▶ _Exercise_:
The answer must be every line below that contains the string "shape".

□ □ □ □ □ □ □

text \<open>A connection preserving det_form \<mu> lies in its orthogonal Lie algebra so(3), which is the
  image of the traceless matrices under sym2_conn.\<close>

lemma sym2_conn_sym2_root:
  fixes A :: "'a::field_char_0 mat"
  assumes "derivation d" "sym2_deriv d 3 A (det_form \<mu>) = 0" "d \<mu> = 0" "\<mu> \<noteq> 0"
  shows "mat_trunc 3 A = sym2_conn (sym2_root A)"
proof -
  interpret derivation d by fact
  have "d (- (\<mu> / 2)) = 0" by (simp add: d_minus d_divide_numeral assms(3))
  hence "mat_deriv d 3 (det_form \<mu>) = 0"
    by (auto simp: mat_deriv_def det_form_def fun_eq_iff d_zero assms(3))
  hence h: "(A i 0 * det_form \<mu> 0 j + A i 1 * det_form \<mu> 1 j + A i 2 * det_form \<mu> 2 j)
          + (det_form \<mu> i 0 * A j 0 + det_form \<mu> i 1 * A j 1 + det_form \<mu> i 2 * A j 2) = 0"
    if "i < 3" "j < 3" for i j
    using fun_cong[OF fun_cong[OF assms(2), of i], of j] that
    by (simp add: sym2_deriv_def mat_mult_3 mat_transpose_def)
  have "A 0 2 = 0" "A 1 1 = 0" "A 2 0 = 0"
    using h[of 0 0] h[of 1 1] h[of 2 2] assms(4) by (simp_all add: det_form_def)
  moreover have "2 * A 1 2 = A 0 1" "2 * A 1 0 = A 2 1"
    using h[of 0 1] h[of 1 2] assms(4) by (simp_all add: det_form_def algebra_simps)
  moreover have "\<mu> * (A 2 2 + A 0 0) = 0"
    using h[of 0 2] by (simp add: det_form_def algebra_simps)
  hence "A 2 2 = - A 0 0" using assms(4) by (simp add: eq_neg_iff_add_eq_0)
  ultimately have shape: "A 0 2 = 0" "A (Suc 0) (Suc 0) = 0" "A 2 0 = 0"
    "A (Suc 0) 2 = A 0 (Suc 0) / 2" "A 2 (Suc 0) = 2 * A (Suc 0) 0" "A 2 2 = - A 0 0"
    by (simp_all add: field_simps)
  show ?thesis
  proof (intro ext)
    fix i j
    show "mat_trunc 3 A i j = sym2_conn (sym2_root A) i j"
    proof (cases "i < 3 \<and> j < 3")
      case True
      then have "i < 3" "j < 3" by auto
      then show ?thesis
        by (cases rule: less_3_pair_cases)
          (simp_all add: mat_trunc_def sym2_conn_def sym2_root_def shape)
    qed (auto simp: mat_trunc_def sym2_conn_def)
  qed
qed

section \<open>Ternary quadratic forms\<close>

definition dot3 :: "(nat \<Rightarrow> 'a::comm_ring_1) \<Rightarrow> (nat \<Rightarrow> 'a) \<Rightarrow> 'a" where
  "dot3 x y = x 0 * y 0 + x 1 * y 1 + x 2 * y 2"

definition cross3 :: "(nat \<Rightarrow> 'a::comm_ring_1) \<Rightarrow> (nat \<Rightarrow> 'a) \<Rightarrow> nat \<Rightarrow> 'a" where
  "cross3 x y = (\<lambda>i. if i = 0 then x 1 * y 2 - x 2 * y 1 else if i = 1 then x 2 * y 0 - x 0 * y 2
                    else x 0 * y 1 - x 1 * y 0)"

definition rows3 :: "(nat \<Rightarrow> 'a::zero) \<Rightarrow> (nat \<Rightarrow> 'a) \<Rightarrow> (nat \<Rightarrow> 'a) \<Rightarrow> 'a mat" where
  "rows3 x y z = (\<lambda>i. if i = 0 then x else if i = 1 then y else if i = 2 then z else (\<lambda>_. 0))"

lemma dot3_comm: "dot3 x y = dot3 y x"
  by (simp add: dot3_def mult_ac)

lemma dot3_diff_scale_left: "dot3 (\<lambda>i. x i - c * y i) z = dot3 x z - c * dot3 y z"
  by (simp add: dot3_def algebra_simps)

lemma dot3_diff_scale_right: "dot3 z (\<lambda>i. x i - c * y i) = dot3 z x - c * dot3 z y"
  by (simp add: dot3_def algebra_simps)

lemma dot3_scale_left: "dot3 (\<lambda>i. c * x i) z = c * dot3 x z"
  by (simp add: dot3_def algebra_simps)

lemma dot3_scale_right: "dot3 z (\<lambda>i. c * x i) = c * dot3 z x"
  by (simp add: dot3_def algebra_simps)

lemma dot3_mat_vec3_comm:
  assumes "mat_transpose S = S"
  shows "dot3 x (mat_vec3 S y) = dot3 y (mat_vec3 S x)"
proof -
  have "S 1 0 = S 0 1" "S 2 0 = S 0 2" "S 2 1 = S 1 2"
    using assms by (metis mat_transpose_def)+
  thus ?thesis by (simp add: dot3_def mat_vec3_def algebra_simps)
qed

lemma cross3_orthogonal: "dot3 (cross3 x y) x = 0" "dot3 (cross3 x y) y = 0"
  by (simp_all add: cross3_def dot3_def algebra_simps)

lemma det3_rows3_cross3: "det3 (rows3 q (cross3 x y) p) = dot3 x p * dot3 y q - dot3 x q * dot3 y p"
  by (simp add: det3_def rows3_def cross3_def dot3_def algebra_simps)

□ □ □ □ □ □ □

▶ _Completed task_:
  ultimately have shape: "A 0 2 = 0" "A (Suc 0) (Suc 0) = 0" "A 2 0 = 0"
          (simp_all add: mat_trunc_def sym2_conn_def sym2_root_def shape)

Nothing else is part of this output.